From the right side of my Facebook feed the other day I spotted an article pushing the position that people who are homosexual are not born that way and science proves it. I was skeptical of the proposition and went and read the article.

It fell far short of the bold position but it did rely on a curious fact about human sexuality; that within identical twins the sexual orientation of the pair is not always matched. It follows that if two people bearing identical genetic make-up do not share a trait then their genes do not determine that trait. Or at least is not determined solely by their genes.

The mistake is to think that because something is not solely determined by the genes then it must not be innate to the individual. The growing field of epigenetics has shown us that there are a lot of factors and traits that are set before birth but not because of the presence or absence of a gene but because of gene expression.

The position that people are choosing their sexuality was also the point of a recent conservative op-ed piece I read the other day. The main evidence supplied by the author was that more people are identifying are gay. bisexual, or transgendered than in the past and that this must represent people choosing these label simply because today’s ‘permissive’ society allows them to do so. The author goes on to argue that it our society were not so ‘permissive’ some of these people would reject such things and go on to be happy, heterosexual married people further society. That last element he presented no evidence only an assertion that matched up with his world view.
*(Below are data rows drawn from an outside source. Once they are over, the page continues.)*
definition distances :: "rat set \<Rightarrow> rat \<Rightarrow> nat set" where
  "distances M x = {d. d > 0 \<and> (\<exists>l\<in>lengths M x. l + d \<in> lengths M x \<and>
      (\<forall>j. l < j \<and> j < l + d \<longrightarrow> j \<notin> lengths M x))}"

definition Delta :: "rat set \<Rightarrow> nat set" where
  "Delta M = (\<Union>x\<in>M. distances M x)"

end

theory Submission
  imports Defs
begin

(* Write r = n/d in lowest terms. The relation d r^(j+1) = n r^j lets one trade d atoms r^(j+1)
   for n atoms r^j, changing the length of a factorization by n - d. Trading terminates in a
   canonical factorization (every positive exponent used fewer than d times), which is unique
   because it is a mixed-radix expansion; hence all lengths of an element are congruent modulo
   |d - n|, and |d - n| occurs as the distance between the factorizations n r^K and d r^(K+1).
   If N is all of nat, one trade along the way to the canonical factorization produces the next
   length, so |d - n| is the only distance. If 1 is not in N, the element n^K = d^K r^K has
   canonical factorization n^K r^0, which no factorization reaches in exactly one trade, so the
   lengths next to n^K differ from it by at least 2|d - n|. For n = 1 there are no atoms. *)

lemma gen_monoid_eq: "gen_monoid G = {sum_mset m | m. set_mset m \<subseteq> G}"
proof (intro set_eqI iffI)
  fix x assume "x \<in> gen_monoid G"
  then show "x \<in> {sum_mset m | m. set_mset m \<subseteq> G}"
  proof (induction rule: gen_monoid.induct)
    case zero show ?case by (auto intro!: exI[of _ "{#}"])
  next
    case (gen g) then show ?case by (auto intro!: exI[of _ "{#g#}"])
  next
    case (add x y)
    then obtain mx my where "set_mset mx \<subseteq> G" "x = sum_mset mx" "set_mset my \<subseteq> G" "y = sum_mset my"
      by blast
    then show ?case by (auto intro!: exI[of _ "mx + my"])
  qed
next
  fix x assume "x \<in> {sum_mset m | m. set_mset m \<subseteq> G}"
  then obtain m where "set_mset m \<subseteq> G" "x = sum_mset m" by blast
  then show "x \<in> gen_monoid G"
    by (induction m arbitrary: x) (auto intro: gen_monoid.intros)
qed

lemma set_mset_subset_image_iff:
  "set_mset m \<subseteq> f ` S \<longleftrightarrow> (\<exists>A. set_mset A \<subseteq> S \<and> m = image_mset f A)"
proof
  show "set_mset m \<subseteq> f ` S \<Longrightarrow> \<exists>A. set_mset A \<subseteq> S \<and> m = image_mset f A"
  proof (induction m)
    case (add x m)
    then obtain a A where "a \<in> S" "x = f a" "set_mset A \<subseteq> S" "m = image_mset f A" by auto
    then show ?case by (intro exI[of _ "add_mset a A"]) auto
  qed simp
qed (metis image_mono set_image_mset)

lemma numerical_monoid_cofinite:
  assumes "numerical_monoid N"
  obtains B where "\<And>j. B \<le> j \<Longrightarrow> j \<in> N"
proof -
  have "finite (UNIV - N)" using assms unfolding numerical_monoid_def by blast
  then obtain B where "\<forall>j\<in>UNIV - N. j < B" using finite_nat_set_iff_bounded by blast
  then show thesis using that by (meson DiffI UNIV_I not_le)
qed

lemma numerical_monoid_one_iff:
  assumes "numerical_monoid N"
  shows "1 \<in> N \<longleftrightarrow> N = UNIV"
proof
  assume one: "1 \<in> N"
  have "k \<in> N" for k
  proof (induction k)
    case 0 show ?case using assms unfolding numerical_monoid_def by blast
  next
    case (Suc k) then show ?case using assms one unfolding numerical_monoid_def by force
  qed
  then show "N = UNIV" by blast
qed simp

lemma nearest_element_between:
  fixes L :: "nat set"
  assumes "a \<in> L" "b \<in> L" "a \<noteq> b"
  obtains c where "c \<in> L" "c \<noteq> a" "min a b \<le> c" "c \<le> max a b"
    "\<And>j. min a c < j \<Longrightarrow> j < max a c \<Longrightarrow> j \<notin> L"
proof (cases "a < b")
  case True
  define C where "C = {j \<in> L. a < j \<and> j \<le> b}"
  have "finite C" "b \<in> C" using assms True unfolding C_def by auto
  then have "Min C \<in> C" "\<And>j. j \<in> C \<Longrightarrow> Min C \<le> j" by (auto intro: Min_in)
  then show thesis using that[of "Min C"] True unfolding C_def by fastforce
next
  case False
  define C where "C = {j \<in> L. b \<le> j \<and> j < a}"
  have "finite C" "b \<in> C" using assms False unfolding C_def by auto
  then have "Max C \<in> C" "\<And>j. j \<in> C \<Longrightarrow> j \<le> Max C" by (auto intro: Max_in)
  then show thesis using that[of "Max C"] False unfolding C_def by fastforce
qed

lemma nearest_length_in_Delta:
  assumes "x \<in> M" "a \<in> lengths M x" "b \<in> lengths M x" "a \<noteq> b"
  obtains c where "c \<in> lengths M x" "c \<noteq> a" "min a b \<le> c" "c \<le> max a b"
    "nat \<bar>int c - int a\<bar> \<in> Delta M"
proof -
  obtain c where c: "c \<in> lengths M x" "c \<noteq> a" "min a b \<le> c" "c \<le> max a b"
    and gap: "\<And>j. min a c < j \<Longrightarrow> j < max a c \<Longrightarrow> j \<notin> lengths M x"
    using nearest_element_between[OF assms(2-4)] by blast
  have "max a c - min a c \<in> distances M x"
    unfolding distances_def using assms(2) c gap
    by (cases "a < c") (auto intro!: bexI[of _ "min a c"])
  then have "max a c - min a c \<in> Delta M" using assms(1) unfolding Delta_def by blast
  moreover have "max a c - min a c = nat \<bar>int c - int a\<bar>" by (cases "a < c") auto
  ultimately show thesis using that c by simp
qed
definition min_distance_ge :: "nat \<Rightarrow> nat \<Rightarrow> nat list set \<Rightarrow> bool" where
  "min_distance_ge n D S \<longleftrightarrow> (\<forall>x\<in>S. \<forall>y\<in>S. x \<noteq> y \<longrightarrow> D \<le> card (diff_positions n x y))"

lemma diff_positions_commute: "diff_positions n x y = diff_positions n y x"
  unfolding diff_positions_def by auto

lemma finite_blocks: "finite (blocks Q n)"
  unfolding blocks_def using finite_lists_length_eq[of "{1..Q}" n] by (simp add: conj_commute)

lemma card_blocks_agreeing_outside_le:
  assumes S: "S \<subseteq> {0..<n}"
  shows "card {a \<in> blocks Q n. \<forall>j<n. j \<notin> S \<longrightarrow> a ! j = b ! j} \<le> Q ^ card S"
proof -
  let ?T = "{a \<in> blocks Q n. \<forall>j<n. j \<notin> S \<longrightarrow> a ! j = b ! j}"
  let ?restr = "\<lambda>a. restrict ((!) a) S"
  have "finite S" using S finite_subset by blast
  have "inj_on ?restr ?T"
  proof (rule inj_onI)
    fix a c assume a: "a \<in> ?T" and c: "c \<in> ?T" and eq: "?restr a = ?restr c"
    show "a = c"
    proof (rule nth_equalityI)
      show "length a = length c" using a c by (simp add: blocks_def)
      fix j assume "j < length a"
      then show "a ! j = c ! j"
        using a c fun_cong[OF eq, of j] by (cases "j \<in> S") (auto simp: blocks_def)
    qed
  qed
  moreover have "?restr ` ?T \<subseteq> S \<rightarrow>\<^sub>E {1..Q}"
    using S by (fastforce simp: blocks_def dest: nth_mem)
  ultimately have "card ?T \<le> card (S \<rightarrow>\<^sub>E {1..Q})"
    using \<open>finite S\<close> by (intro card_inj_on_le) (auto simp: finite_PiE)
  also have "\<dots> = Q ^ card S" by (simp add: card_PiE \<open>finite S\<close>)
  finally show ?thesis .
qed

lemma card_hamming_ball_le:
  assumes "Q \<ge> 1"
  shows "card {a \<in> blocks Q n. card (diff_positions n a b) < D} \<le> 2 ^ n * Q ^ D"
proof -
  define I where "I = {S. S \<subseteq> {0..<n} \<and> card S \<le> D}"
  define T where "T S = {a \<in> blocks Q n. \<forall>j<n. j \<notin> S \<longrightarrow> a ! j = b ! j}" for S
  have "I \<subseteq> Pow {0..<n}" by (auto simp: I_def)
  then have "finite I" by (rule finite_subset) simp
  have "card I \<le> card (Pow {0..<n})" by (rule card_mono) (use \<open>I \<subseteq> Pow {0..<n}\<close> in auto)
  then have card_I: "card I \<le> 2 ^ n" by (simp add: card_Pow)
  have "{a \<in> blocks Q n. card (diff_positions n a b) < D} \<subseteq> (\<Union>S\<in>I. T S)"
  proof
    fix a assume "a \<in> {a \<in> blocks Q n. card (diff_positions n a b) < D}"
    then have "diff_positions n a b \<in> I" "a \<in> T (diff_positions n a b)"
      by (auto simp: I_def T_def diff_positions_def)
    then show "a \<in> (\<Union>S\<in>I. T S)" by blast
  qed
  then have "card {a \<in> blocks Q n. card (diff_positions n a b) < D} \<le> card (\<Union>S\<in>I. T S)"
    using \<open>finite I\<close> finite_blocks by (intro card_mono) (auto simp: T_def)
  also have "\<dots> \<le> (\<Sum>S\<in>I. card (T S))" by (rule card_UN_le[OF \<open>finite I\<close>])
  also have "\<dots> \<le> (\<Sum>S\<in>I. Q ^ D)"
  proof (rule sum_mono)
    fix S assume "S \<in> I"
    then have "card (T S) \<le> Q ^ card S" unfolding T_def I_def by (intro card_blocks_agreeing_outside_le) auto
    also have "\<dots> \<le> Q ^ D" using \<open>S \<in> I\<close> assms by (intro power_increasing) (auto simp: I_def)
    finally show "card (T S) \<le> Q ^ D" .
  qed
  also have "\<dots> \<le> 2 ^ n * Q ^ D" using card_I by simp
  finally show ?thesis .
qed

text \<open>A maximal subset of minimum distance D is covered by the Hamming balls of radius
  D - 1 around its points.\<close>
lemma ex_min_distance_subset:
  assumes A: "finite A" "A \<subseteq> blocks Q n" and "Q \<ge> 1" and "D \<ge> 1"
  shows "\<exists>A'\<subseteq>A. min_distance_ge n D A' \<and> card A \<le> card A' * (2 ^ n * Q ^ D)"
proof -
  define F where "F = {S. S \<subseteq> A \<and> min_distance_ge n D S}"
  have "finite F" unfolding F_def using A by (auto intro: finite_subset[of _ "Pow A"])
  moreover have "{} \<in> F" by (simp add: F_def min_distance_ge_def)
  ultimately obtain A' where "A' \<in> F" and maximal: "\<And>S. S \<in> F \<Longrightarrow> A' \<subseteq> S \<Longrightarrow> A' = S"
    using finite_has_maximal[of F] by blast
  then have A': "A' \<subseteq> A" "min_distance_ge n D A'" by (auto simp: F_def)
  have "\<exists>a'\<in>A'. card (diff_positions n a a') < D" if "a \<in> A" for a
  proof (cases "a \<in> A'")
    case True
    then show ?thesis using \<open>D \<ge> 1\<close> by (intro bexI[of _ a]) (auto simp: diff_positions_def)
  next
    case False
    then have "\<not> min_distance_ge n D (insert a A')"
      using maximal[of "insert a A'"] A' \<open>a \<in> A\<close> by (auto simp: F_def)
    then show ?thesis
      using A'(2) unfolding min_distance_ge_def
      by (metis diff_positions_commute insert_iff not_le)
  qed
  then have "A \<subseteq> (\<Union>a'\<in>A'. {a \<in> blocks Q n. card (diff_positions n a a') < D})"
    using A by blast
  moreover have "finite A'" using A'(1) A(1) finite_subset by blast
  ultimately have "card A \<le> card (\<Union>a'\<in>A'. {a \<in> blocks Q n. card (diff_positions n a a') < D})"
    using finite_blocks by (intro card_mono) auto
  also have "\<dots> \<le> (\<Sum>a'\<in>A'. card {a \<in> blocks Q n. card (diff_positions n a a') < D})"
    by (rule card_UN_le[OF \<open>finite A'\<close>])
  also have "\<dots> \<le> card A' * (2 ^ n * Q ^ D)"
    using sum_mono[of A' _ "\<lambda>_. 2 ^ n * Q ^ D"] card_hamming_ball_le[OF \<open>Q \<ge> 1\<close>] by simp
  finally show ?thesis using A' by blast
qed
I found his argument unpersuasive. At the very least you have a diagnosis problem. People often lie on surveys and they often lie on sexual surveys getting good number on such a subject is very difficult now and was more so in years past.

As I have stated in other posts in my opinion it is better to think of human sexual desire as a spectrum, and that most individuals do not exist at the far ends Society can repress expression but that does not change the underlying predispositions. Despite human genetic make-up being basically the same throughout history and around the world the expression of sexual desire has varied greatly. The Spartans carried the same genes as we do today but had a very different set of sexual practices.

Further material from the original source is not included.